Disclosure of Invention

The invention aims to provide a circularly polarized FP resonant cavity antenna capable of realizing beam deflection.

In order to achieve the purpose, the invention adopts the following technical solutions:

a circularly polarized FP cavity antenna, comprising; the line-circular polarization conversion ultrastructure surface comprises a plurality of ultrastructure surface units, each ultrastructure surface unit comprises an upper medium plate and a lower medium plate which are stacked up and down, a metal floor is arranged between each upper medium plate and each lower medium plate, a radiation patch for radiating circular polarization electromagnetic waves is arranged on the upper surface of each upper medium plate, each radiation patch is a square with two opposite corners cut off, a first metalized through hole is formed in each radiation patch, the center of each first metalized through hole is coincided with the center of each ultrastructure surface unit and is not coincided with the center of each radiation patch, a receiving patch which is used for receiving the linear polarization electromagnetic waves and is correspondingly arranged on the lower surface of each lower medium plate, a second metalized through hole is arranged on each receiving patch, and the center of each second metalized through hole is coincided with the center of the ultrastructure surface unit and is not coincided with the center of the receiving patch The metal floor is provided with a through hole, and the centers of the first metalized via hole, the second metalized via hole and the through hole are overlapped; the rotation angle of the radiation patch is 0-360 degrees; the floor is arranged below the linear and circular polarization conversion superstructure surface at intervals, and the linear and circular polarization conversion superstructure surface and the floor form a resonant cavity; a linear polarization feed located between the linear circular polarization converting superstructure surface and the floor.

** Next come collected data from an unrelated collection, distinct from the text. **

(* Under the hypotheses of Theorem 1 (DGD$^t$ from $\mathbf{x}_0=0$, convex $f_i$ with $L_i$-Lipschitz gradients attaining their minima, $h=\sum_if_i$ $\mu_h$-strongly convex with minimizer $x^\star$, $0<\alpha\le\min\{(1+\lambda_n(\mathbf{W}^t))/L,\,c_4\}$), with $\alpha c_2<1$, $\delta=\frac{c_2}{2(1-\alpha c_2)}$, $c_1=\sqrt{1-\alpha c_2/2}$ and $c_3=\sqrt{\alpha^3(\alpha+\delta^{-1})}\,LD$, for all $k=0,1,2,\ldots$ and $1\le i\le n$: $$\|x_{i,k}-x^\star\|\le c_1^k\|x^\star\|+\frac{c_3}{\sqrt{1-c_1^2}\,(1-\beta^t)}+\frac{\alpha D}{1-\beta^t}.$$
   Context: Notation as in Theorem 1: $L=\max_iL_i$, $\mu_{\bar f}=\mu_h/n$, $L_{\bar f}=\frac1n\sum_iL_i$, $c_2=\frac{2\mu_{\bar f}L_{\bar f}}{\mu_{\bar f}+L_{\bar f}}$, $c_4=\frac{2}{\mu_{\bar f}+L_{\bar f}}$, $D=\sqrt{2L\sum_i(f_i(0)-\min f_i)}$. $\mathbf{W}$ is a symmetric doubly-stochastic matrix of a connected network ($w_{ii}>0$, $w_{ij}>0$ iff neighbours), simple eigenvalue $1$, other eigenvalues in $(-1,1)$, $\beta\in(0,1)$ its second largest eigenvalue magnitude, $\lambda_n(\mathbf{W}^t)$ the smallest eigenvalue of $\mathbf{W}^t$. DGD$^t$: $\mathbf{x}_{k+1}=(\mathbf{W}^t\otimes I_p)\mathbf{x}_k-\alpha\nabla\mathbf{f}(\mathbf{x}_k)$, $\nabla\mathbf{f}(\mathbf{x})=(\nabla f_1(x_1);\ldots;\nabla f_n(x_n))$, $x_{i,k}$ the $i$-th block of $\mathbf{x}_k$. *)

theory Defs
  imports "HOL-Analysis.Analysis"
begin

fun matpow :: "real^'n^'n \<Rightarrow> nat \<Rightarrow> real^'n^'n" where
  "matpow A 0 = mat 1"
| "matpow A (Suc t) = A ** matpow A t"

definition mat_eigenvalue :: "real^'n^'n \<Rightarrow> real \<Rightarrow> bool" where
  "mat_eigenvalue A l \<longleftrightarrow> (\<exists>v. v \<noteq> 0 \<and> A *v v = l *\<^sub>R v)"

definition lambda_min :: "real^'n^'n \<Rightarrow> real" where
  "lambda_min A = Min {l. mat_eigenvalue A l}"

definition second_eig_mag :: "real^'n^'n \<Rightarrow> real" where
  "second_eig_mag W = Max {\<bar>l\<bar> | l. mat_eigenvalue W l \<and> l \<noteq> 1}"

definition strongly_convex :: "real \<Rightarrow> ('a::real_inner \<Rightarrow> real) \<Rightarrow> bool" where
  "strongly_convex mu h \<longleftrightarrow> convex_on UNIV (\<lambda>x. h x - (mu / 2) * (norm x)\<^sup>2)"

(* DGD^t iterates: x_{k+1} = (W^t \<otimes> I_p) x_k - alpha grad f(x_k), x_0 = 0 *)
fun dgd :: "real^'n^'n \<Rightarrow> nat \<Rightarrow> real \<Rightarrow> ('n \<Rightarrow> 'a::real_vector \<Rightarrow> 'a) \<Rightarrow> nat \<Rightarrow> 'n::finite \<Rightarrow> 'a"
  where
  "dgd W t alpha g 0 = (\<lambda>i. 0)"
| "dgd W t alpha g (Suc k) =
     (\<lambda>i. (\<Sum>j\<in>UNIV. (matpow W t $ i $ j) *\<^sub>R dgd W t alpha g k j) - alpha *\<^sub>R g i (dgd W t alpha g k i))"

end

theory Submission
  imports Defs
begin

text \<open>
  DGD^t is gradient descent with unit step on the Lyapunov function
  x \<mapsto> x'(I - W^t)x/2 + alpha \<Sum>_i f_i(x_i); the step size condition alpha L \<le> 1 + \<lambda>_n(W^t)
  makes it decrease, so \<Sum>_i f_i(x_i,k) never exceeds \<Sum>_i f_i(0) and all local gradients stay
  bounded by D. On vectors with zero sum, W^t contracts by \<beta>^t, which keeps every iterate
  within alpha D/(1 - \<beta>^t) of the network average. The average itself runs gradient descent on
  h/n with a gradient error of at most L alpha D/(1 - \<beta>^t); strong convexity makes the exact
  step a contraction by 1 - alpha c_2, and a weighted triangle inequality absorbs the error.
\<close>


section \<open>Smooth and strongly convex functions\<close>

lemma lipschitz_gradient_upper_bound:
  fixes f :: "'v::real_inner \<Rightarrow> real" and g :: "'v \<Rightarrow> 'v"
  assumes der: "\<And>x. (f has_derivative (\<lambda>y. g x \<bullet> y)) (at x)"
    and lip: "\<And>x y. norm (g x - g y) \<le> L * norm (x - y)"
  shows "f y \<le> f x + g x \<bullet> (y - x) + L/2 * (norm (y - x))\<^sup>2"
proof -
  define d where "d = y - x"
  define \<phi> where "\<phi> s = f (x + s *\<^sub>R d) - s * (g x \<bullet> d) - L/2 * s\<^sup>2 * (norm d)\<^sup>2" for s
  have \<phi>_deriv: "(\<phi> has_real_derivative (g (x + s *\<^sub>R d) \<bullet> d - g x \<bullet> d - L * s * (norm d)\<^sup>2)) (at s)"
    for s
  proof -
    have "((\<lambda>s. x + s *\<^sub>R d) has_derivative (\<lambda>h. h *\<^sub>R d)) (at s)"
      by (auto intro!: derivative_eq_intros)
    from has_derivative_compose[OF this der]
    have "((\<lambda>s. f (x + s *\<^sub>R d)) has_real_derivative (g (x + s *\<^sub>R d) \<bullet> d)) (at s)"
      unfolding has_field_derivative_def by (simp add: mult.commute[of _ "g (x + s *\<^sub>R d) \<bullet> d"])
    then show ?thesis
      unfolding \<phi>_def by (auto intro!: derivative_eq_intros simp: algebra_simps)
  qed
  have "\<phi> 1 \<le> \<phi> 0"
  proof (rule DERIV_nonpos_imp_nonincreasing[of 0 1 \<phi>])
    fix s :: real assume s: "0 \<le> s" "s \<le> 1"
    have "(g (x + s *\<^sub>R d) - g x) \<bullet> d \<le> norm (g (x + s *\<^sub>R d) - g x) * norm d"
      by (rule norm_cauchy_schwarz)
    also have "\<dots> \<le> (L * norm (s *\<^sub>R d)) * norm d"
      using lip[of "x + s *\<^sub>R d" x] by (intro mult_right_mono) auto
    also have "\<dots> = L * s * (norm d)\<^sup>2" using s by (simp add: power2_eq_square)
    finally show "\<exists>y. DERIV \<phi> s :> y \<and> y \<le> 0"
      using \<phi>_deriv[of s] by (intro exI conjI) (auto simp: inner_diff_left)
  qed simp
  then show ?thesis unfolding \<phi>_def d_def by simp
qed
lemma second_nbhd_image:
  assumes "inj T"
  shows "second_nbhd (T ` V) ((`) T ` E) (T v) = T ` second_nbhd V E v"
proof (intro set_eqI iffI)
  fix w' assume "w' \<in> second_nbhd (T ` V) ((`) T ` E) (T v)"
  then obtain w u' where w: "w' = T w" "w \<in> V" "T w \<noteq> T v"
    "(T v, T w) \<notin> adj_rel ((`) T ` E)"
    "(T v, u') \<in> adj_rel ((`) T ` E)" "(u', T w) \<in> adj_rel ((`) T ` E)"
    unfolding second_nbhd_def by auto
  then obtain u where "u' = T u" using adj_rel_image_range by blast
  then have "w \<in> second_nbhd V E v"
    using w adj_rel_image_iff[OF assms] unfolding second_nbhd_def by blast
  then show "w' \<in> T ` second_nbhd V E v" using w by auto
next
  fix w' assume "w' \<in> T ` second_nbhd V E v"
  then obtain w u where w: "w' = T w" "w \<in> V" "w \<noteq> v" "(v, w) \<notin> adj_rel E"
    "(v, u) \<in> adj_rel E" "(u, w) \<in> adj_rel E"
    unfolding second_nbhd_def by auto
  then have "T w \<in> T ` V" "T w \<noteq> T v" "(T v, T w) \<notin> adj_rel ((`) T ` E)"
    "(T v, T u) \<in> adj_rel ((`) T ` E)" "(T u, T w) \<in> adj_rel ((`) T ` E)"
    using inj_eq[OF assms] adj_rel_image_iff[OF assms] by auto
  then show "w' \<in> second_nbhd (T ` V) ((`) T ` E) (T v)"
    unfolding second_nbhd_def w(1) by blast
qed

lemma tau_image:
  assumes "inj T"
  shows "tau (T ` V) ((`) T ` E) (T v) = tau V E v"
  unfolding tau_eq_card_second_nbhd second_nbhd_image[OF assms]
  by (rule card_image[OF inj_on_subset[OF assms]]) simp

lemma ZC1_image:
  assumes "inj T"
  shows "ZC1 (T ` V) ((`) T ` E) = ZC1 V E"
  unfolding ZC1_def by (simp add: sum.reindex inj_on_subset[OF assms] tau_image[OF assms])

lemma ZC2_image:
  assumes "inj T"
  shows "ZC2 (T ` V) ((`) T ` E) = ZC2 V E"
proof -
  have "inj_on ((`) T) E" using assms by (meson inj_image_eq_iff inj_onI)
  then have "ZC2 (T ` V) ((`) T ` E) = (\<Sum>e\<in>E. \<Prod>v\<in>T ` e. tau (T ` V) ((`) T ` E) v)"
    unfolding ZC2_def by (simp add: sum.reindex)
  also have "\<dots> = (\<Sum>e\<in>E. \<Prod>v\<in>e. tau V E v)"
    by (simp add: prod.reindex inj_on_subset[OF assms] tau_image[OF assms])
  finally show ?thesis unfolding ZC2_def .
qed

section \<open>Lattice isometries\<close>

definition unit_steps :: "pt set" where
  "unit_steps = {(1,0), (-1,0), (0,1), (0,-1)}"

definition orthonormal :: "pt \<Rightarrow> pt \<Rightarrow> bool" where
  "orthonormal a b \<longleftrightarrow> a \<in> unit_steps \<and> b \<in> unit_steps \<and> fst a * fst b + snd a * snd b = 0"

definition lattice_map :: "pt \<Rightarrow> pt \<Rightarrow> pt \<Rightarrow> pt \<Rightarrow> pt" where
  "lattice_map q a b p =
     (fst q + fst p * fst a + snd p * fst b, snd q + fst p * snd a + snd p * snd b)"

definition translate :: "pt \<Rightarrow> pt \<Rightarrow> pt" where
  "translate p d = (fst p + fst d, snd p + snd d)"

lemma orthonormal_cases:
  assumes "orthonormal a b"
  obtains "a = (1,0)" "b = (0,1)" | "a = (1,0)" "b = (0,-1)" | "a = (-1,0)" "b = (0,1)"
    | "a = (-1,0)" "b = (0,-1)" | "a = (0,1)" "b = (1,0)" | "a = (0,1)" "b = (-1,0)"
    | "a = (0,-1)" "b = (1,0)" | "a = (0,-1)" "b = (-1,0)"
  using assms unfolding orthonormal_def unit_steps_def by auto
lemma stutter_equiv_if_action_trace_eq:
  assumes c: "consistent_l2ts tau (L, R)"
    and p: "is_path R st ac len" and p': "is_path R st' ac' len'"
    and l0: "L (st 0) = L (st' 0)"
    and eq: "action_trace (change_steps (\<lambda>k. L (st k)) len) ac =
             action_trace (change_steps (\<lambda>k. L (st' k)) len') ac'"
  shows "stutter_equiv (\<lambda>k. L (st k)) len (\<lambda>k. L (st' k)) len'"
proof -
  let ?l = "\<lambda>k. L (st k)" and ?l' = "\<lambda>k. L (st' k)"
  define V where "V = change_steps ?l len"
  define V' where "V' = change_steps ?l' len'"
  have card: "ecard V = ecard V'"
    and act: "\<And>n. enat n < ecard V \<Longrightarrow> ac (enumerate V n) = ac' (enumerate V' n)"
    using eq unfolding action_trace_eq_iff V_def V'_def by simp_all
  have "block_label ?l len m = block_label ?l' len' m" if "enat m \<le> ecard V" for m
    using that
  proof (induction m)
    case 0
    then show ?case
      using block_label_changes[of 0 len ?l] block_label_changes[of 0 len' ?l'] l0
      by (simp add: zero_enat_def[symmetric])
  next
    case (Suc m)
    then have m: "enat m < ecard V" "enat m < ecard V'" using card by (simp_all add: Suc_ile_eq)
    define e where "e = enumerate V m"
    define e' where "e' = enumerate V' m"
    have "(st e, ac e, st (Suc e)) \<in> R" "(st' e', ac' e', st' (Suc e')) \<in> R"
      unfolding e_def e'_def V_def V'_def
      using is_path_change_step[OF p m(1)[unfolded V_def]] is_path_change_step[OF p' m(2)[unfolded V'_def]] .
    moreover have "ac e = ac' e'" unfolding e_def e'_def by (rule act[OF m(1)])
    moreover have "L (st e) = L (st' e')"
      using Suc.IH m(1) block_label_enumerate(1)[OF m(1)[unfolded V_def]]
        block_label_enumerate(1)[OF m(2)[unfolded V'_def]]
      unfolding e_def e'_def V_def V'_def by (simp add: order_less_imp_le)
    ultimately have "L (st (Suc e)) = L (st' (Suc e'))"
      using consistent_l2tsD(2)[OF c] by metis
    then show ?case
      using block_label_enumerate(2)[OF m(1)[unfolded V_def]]
        block_label_enumerate(2)[OF m(2)[unfolded V'_def]]
      unfolding e_def e'_def V_def V'_def by simp
  qed
  then show ?thesis
    unfolding stutter_equiv_def block_range_eq_ecard V_def V'_def card[unfolded V_def V'_def] by simp
qed

lemma action_trace_eq_if_stutter_equiv:
  assumes c: "consistent_l2ts tau (L, R)"
    and p: "is_path R st ac len" and p': "is_path R st' ac' len'"
    and se: "stutter_equiv (\<lambda>k. L (st k)) len (\<lambda>k. L (st' k)) len'"
  shows "action_trace (change_steps (\<lambda>k. L (st k)) len) ac =
         action_trace (change_steps (\<lambda>k. L (st' k)) len') ac'"
proof -
  let ?l = "\<lambda>k. L (st k)" and ?l' = "\<lambda>k. L (st' k)"
  define V where "V = change_steps ?l len"
  define V' where "V' = change_steps ?l' len'"
  have range: "block_range ?l len = block_range ?l' len'"
    and labels: "\<And>m. m \<in> block_range ?l len \<Longrightarrow> block_label ?l len m = block_label ?l' len' m"
    using se unfolding stutter_equiv_def by simp_all
  have card: "ecard V = ecard V'"
    using range injD[OF inj_enat_le_set, of "ecard V" "ecard V'"]
    unfolding block_range_eq_ecard V_def V'_def by simp
  have "ac (enumerate V n) = ac' (enumerate V' n)" if n: "enat n < ecard V" for n
  proof -
    have n': "enat n < ecard V'" using n card by simp
    have "n \<in> block_range ?l len" "Suc n \<in> block_range ?l len"
      using n unfolding block_range_eq_ecard V_def by (auto simp: Suc_ile_eq)
    then have "L (st (enumerate V n)) = L (st' (enumerate V' n))"
      "L (st (Suc (enumerate V n))) = L (st' (Suc (enumerate V' n)))"
      using labels block_label_enumerate[OF n[unfolded V_def]] block_label_enumerate[OF n'[unfolded V'_def]]
      unfolding V_def V'_def by simp_all
    moreover have "(st (enumerate V n), ac (enumerate V n), st (Suc (enumerate V n))) \<in> R"
      "(st' (enumerate V' n), ac' (enumerate V' n), st' (Suc (enumerate V' n))) \<in> R"
      unfolding V_def V'_def
      using is_path_change_step[OF p n[unfolded V_def]] is_path_change_step[OF p' n'[unfolded V'_def]] .
    ultimately show ?thesis using consistent_l2tsD(3)[OF c] by blast
  qed
  with card show ?thesis unfolding action_trace_eq_iff V_def V'_def by blast
qed

lemma coloured_trace_eq_iff_stutter_equiv:
  assumes c: "consistent_l2ts tau (L, R)"
    and p: "is_path R st ac len" and p': "is_path R st' ac' len'"
    and l0: "L (st 0) = L (st' 0)"
  shows "coloured_trace tau (\<lambda>_. ()) st ac len = coloured_trace tau (\<lambda>_. ()) st' ac' len' \<longleftrightarrow>
         stutter_equiv (\<lambda>k. L (st k)) len (\<lambda>k. L (st' k)) len'"
  unfolding coloured_trace_trivial visible_steps_eq_change_steps[OF c p]
    visible_steps_eq_change_steps[OF c p']
  using stutter_equiv_if_action_trace_eq[OF c p p' l0] action_trace_eq_if_stutter_equiv[OF c p p']
  by blast

section \<open>Maximal paths\<close>

lemma is_maximal_kpath_iff:
  "is_maximal_kpath {(u, v). \<exists>a. (u, a, v) \<in> R} st len \<longleftrightarrow> (\<exists>ac. is_maximal_path R st ac len)"
proof
  assume kpath: "is_maximal_kpath {(u, v). \<exists>a. (u, a, v) \<in> R} st len"
  define ac where "ac k = (SOME a. (st k, a, st (Suc k)) \<in> R)" for k
  have "is_path R st ac len"
    unfolding is_path_def
  proof (intro allI impI)
    fix k assume "enat (Suc k) \<le> len"
    then have "\<exists>a. (st k, a, st (Suc k)) \<in> R" using kpath unfolding is_maximal_kpath_def by blast
    then show "(st k, ac k, st (Suc k)) \<in> R" unfolding ac_def by (rule someI_ex)
  qed
  with kpath show "\<exists>ac. is_maximal_path R st ac len"
    unfolding is_maximal_path_def is_maximal_kpath_def by blast
qed (auto simp: is_maximal_path_def is_maximal_kpath_def is_path_def)

lemma maximal_kpath_exists: "\<exists>st len. is_maximal_kpath K st len \<and> st 0 = q"
proof -
  define nx where "nx u = (SOME v. (u, v) \<in> K)" for u
  define st where "st k = (nx ^^ k) q" for k
  have st0: "st 0 = q" by (simp add: st_def)
  have step: "(st k, st (Suc k)) \<in> K" if "\<exists>v. (st k, v) \<in> K" for k
  proof -
    have "st (Suc k) = nx (st k)" by (simp add: st_def)
    then show ?thesis unfolding nx_def using someI_ex[OF that] by simp
  qed
  show ?thesis
  proof (cases "\<forall>k. \<exists>v. (st k, v) \<in> K")
    case True
    then have "is_maximal_kpath K st \<infinity>" unfolding is_maximal_kpath_def using step by blast
    with st0 show ?thesis by blast
  next
    case False
    define n where "n = (LEAST k. \<not> (\<exists>v. (st k, v) \<in> K))"
    from False obtain k0 where "\<not> (\<exists>v. (st k0, v) \<in> K)" by blast
    then have "\<not> (\<exists>v. (st n, v) \<in> K)" unfolding n_def by (rule LeastI)
    moreover have "(st k, st (Suc k)) \<in> K" if "enat (Suc k) \<le> enat n" for k
    proof -
      from that have "k < n" by simp
      then show ?thesis using not_less_Least[of k] step unfolding n_def by blast
    qed
    ultimately have "is_maximal_kpath K st (enat n)" unfolding is_maximal_kpath_def by blast
    with st0 show ?thesis by blast
  qed
qed

lemma maximal_path_exists: "\<exists>st ac len. is_maximal_path R st ac len \<and> st 0 = q"
proof -
  obtain st len where "is_maximal_kpath {(u, v). \<exists>a. (u, a, v) \<in> R} st len" "st 0 = q"
    using maximal_kpath_exists[of "{(u, v). \<exists>a. (u, a, v) \<in> R}" q] by blast
  then show ?thesis unfolding is_maximal_kpath_iff by blast
qed

lemma sat_state_kripke_of:
  "sat_state (kripke_of (L, R)) q \<psi> \<longleftrightarrow>
   (\<forall>st ac len. is_maximal_path R st ac len \<and> st 0 = q \<longrightarrow> sat_path L \<psi> st len)"
proof -
  have "kripke_of (L, R) = (L, {(u, v). \<exists>a. (u, a, v) \<in> R})" by (simp add: kripke_of_def)
  then have "sat_state (kripke_of (L, R)) q \<psi> \<longleftrightarrow> (\<forall>st len.
      (\<exists>ac. is_maximal_path R st ac len) \<and> st 0 = q \<longrightarrow> sat_path L \<psi> st len)"
    unfolding sat_state_def by (simp only: fst_conv snd_conv is_maximal_kpath_iff)
  then show ?thesis by blast
qed

section \<open>Completed trace equivalence and LTL without next\<close>

lemma sat_state_if_complete_ctraces_subset:
  assumes c: "consistent_l2ts tau (L, R)" and uv: "L u = L v"
    and sub: "complete_ctraces tau R (\<lambda>_. ()) v \<subseteq> complete_ctraces tau R (\<lambda>_. ()) u"
    and sat: "sat_state (kripke_of (L, R)) u \<psi>"
  shows "sat_state (kripke_of (L, R)) v \<psi>"
  unfolding sat_state_kripke_of
proof (intro allI impI)
  fix st' ac' len' assume p': "is_maximal_path R st' ac' len' \<and> st' 0 = v"
  then have "coloured_trace tau (\<lambda>_. ()) st' ac' len' \<in> complete_ctraces tau R (\<lambda>_. ()) u"
    using sub unfolding complete_ctraces_def by blast
  then obtain st ac len where p: "is_maximal_path R st ac len" "st 0 = u"
    and eq: "coloured_trace tau (\<lambda>_. ()) st ac len = coloured_trace tau (\<lambda>_. ()) st' ac' len'"
    unfolding complete_ctraces_def by auto
  have "is_path R st ac len" "is_path R st' ac' len'"
    using p(1) p' unfolding is_maximal_path_def by simp_all
  moreover have "L (st 0) = L (st' 0)" using p(2) p' uv by simp
  ultimately have se: "stutter_equiv (\<lambda>k. L (st k)) len (\<lambda>k. L (st' k)) len'"
    using coloured_trace_eq_iff_stutter_equiv[OF c] eq by blast
  have "sat_path L \<psi> st len" using sat p unfolding sat_state_kripke_of by blast
  with sat_path_stutter_invariant[where L = L and \<psi> = \<psi> and st = st and st' = st', OF se] show "sat_path L \<psi> st' len'" by simp
qed

lemma stutter_equiv_path_if_ltl_equiv:
  fixes f :: "'ap + nat \<Rightarrow> 'i"
  assumes "inj f"
    and eqv: "\<forall>\<psi> :: ('ap,'i) ltl. sat_state (kripke_of (L, R)) u \<psi> \<longleftrightarrow> sat_state (kripke_of (L, R)) v \<psi>"
    and p: "is_maximal_path R st ac len" "st 0 = u"
  obtains st' ac' len' where "is_maximal_path R st' ac' len'" "st' 0 = v"
    and "stutter_equiv (\<lambda>k. L (st k)) len (\<lambda>k. L (st' k)) len'"
proof -
  obtain \<Phi> :: "('ap,'i) ltl" where \<Phi>: "sat_path L \<Phi> st len"
    and char: "\<And>st' len'. sat_path L \<Phi> st' len' \<Longrightarrow> stutter_equiv (\<lambda>k. L (st k)) len (\<lambda>k. L (st' k)) len'"
    using characteristic_formula[OF \<open>inj f\<close>, of L st len] by blast
  have "\<not> sat_state (kripke_of (L, R)) u (Neg \<Phi>)"
    using p \<Phi> unfolding sat_state_kripke_of by auto
  then have "\<not> sat_state (kripke_of (L, R)) v (Neg \<Phi>)" using eqv by blast
  then show ?thesis using that char unfolding sat_state_kripke_of by auto
qed

lemma complete_ctraces_subset_if_ltl_equiv:
  fixes f :: "'ap + nat \<Rightarrow> 'i"
  assumes c: "consistent_l2ts tau (L, R)" and "inj f"
    and eqv: "\<forall>\<psi> :: ('ap,'i) ltl. sat_state (kripke_of (L, R)) u \<psi> \<longleftrightarrow> sat_state (kripke_of (L, R)) v \<psi>"
  shows "complete_ctraces tau R (\<lambda>_. ()) u \<subseteq> complete_ctraces tau R (\<lambda>_. ()) v"
proof
  fix x assume "x \<in> complete_ctraces tau R (\<lambda>_. ()) u"
  then obtain st ac len where p: "is_maximal_path R st ac len" "st 0 = u"
    and x: "x = coloured_trace tau (\<lambda>_. ()) st ac len"
    unfolding complete_ctraces_def by blast
  obtain st' ac' len' where p': "is_maximal_path R st' ac' len'" "st' 0 = v"
    and se: "stutter_equiv (\<lambda>k. L (st k)) len (\<lambda>k. L (st' k)) len'"
    using stutter_equiv_path_if_ltl_equiv[OF \<open>inj f\<close> eqv p] by blast
  have "L (st 0) = L (st' 0)"
    using stutter_equiv_label_eq[OF se, of 0 0] by (simp add: zero_enat_def[symmetric])
  moreover have "is_path R st ac len" "is_path R st' ac' len'"
    using p(1) p'(1) unfolding is_maximal_path_def by simp_all
  ultimately have "x = coloured_trace tau (\<lambda>_. ()) st' ac' len'"
    using coloured_trace_eq_iff_stutter_equiv[OF c] se x by blast
  with p' show "x \<in> complete_ctraces tau R (\<lambda>_. ()) v" unfolding complete_ctraces_def by blast
qed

As an optional implementation manner of the circular polarized FP resonator antenna of the present invention, the radiation patch is an axisymmetric pattern, and the symmetry axis is a diagonal line of a square where the radiation patch is located.

As an alternative embodiment of the circularly polarized FP cavity antenna of the present invention, the ratio of the area of the diagonal of the cut-out of the radiating patch to the area of the radiating patch does not exceed 0.2.

As an optional implementation manner of the circular polarized FP resonator antenna according to the present invention, a distance between a center of the first metalized via and a center of the radiation patch is 0.5mm to 0.9 mm.

As an optional implementation manner of the circular polarized FP resonator antenna according to the present invention, a distance between a center of the second metalized via and a center of the receiving patch is 1.1mm to 1.5 mm.

As an optional implementation manner of the circular polarized FP resonator antenna of the present invention, the linear polarized feed source is a slot-coupled patch antenna.

As an optional implementation mode of the circularly polarized FP resonant cavity antenna, the linearly polarized feed source comprises an upper layer feed source dielectric plate, a lower layer feed source dielectric plate, a feed source floor, a feed source radiation patch and a feed line, the feed source radiation patch is arranged on the upper surface of the upper feed source dielectric slab, the center of the feed source radiation patch is superposed with the center of the upper feed source dielectric slab, the feed line is arranged on the lower surface of the lower feed source dielectric plate, the feed source floor is arranged between the upper feed source dielectric plate and the lower feed source dielectric plate which are stacked up and down, the feed source floor is provided with a coupling gap, the coupling gap is parallel to the side edge of the feed source floor and passes through the center of the feed source floor, the feed line extends to the center of the lower feed source dielectric plate from the edge of one side of the lower feed source dielectric plate, and the feed line is perpendicular to the coupling gap.

As an optional implementation manner of the circular polarized FP cavity antenna of the present invention, the feed source floor is the floor.

As an optional implementation manner of the circular polarized FP resonator antenna of the present invention, the feed source radiation patch is a square metal patch.

As an optional implementation manner of the circular polarized FP cavity antenna according to the present invention, the receiving patch is a square metal patch.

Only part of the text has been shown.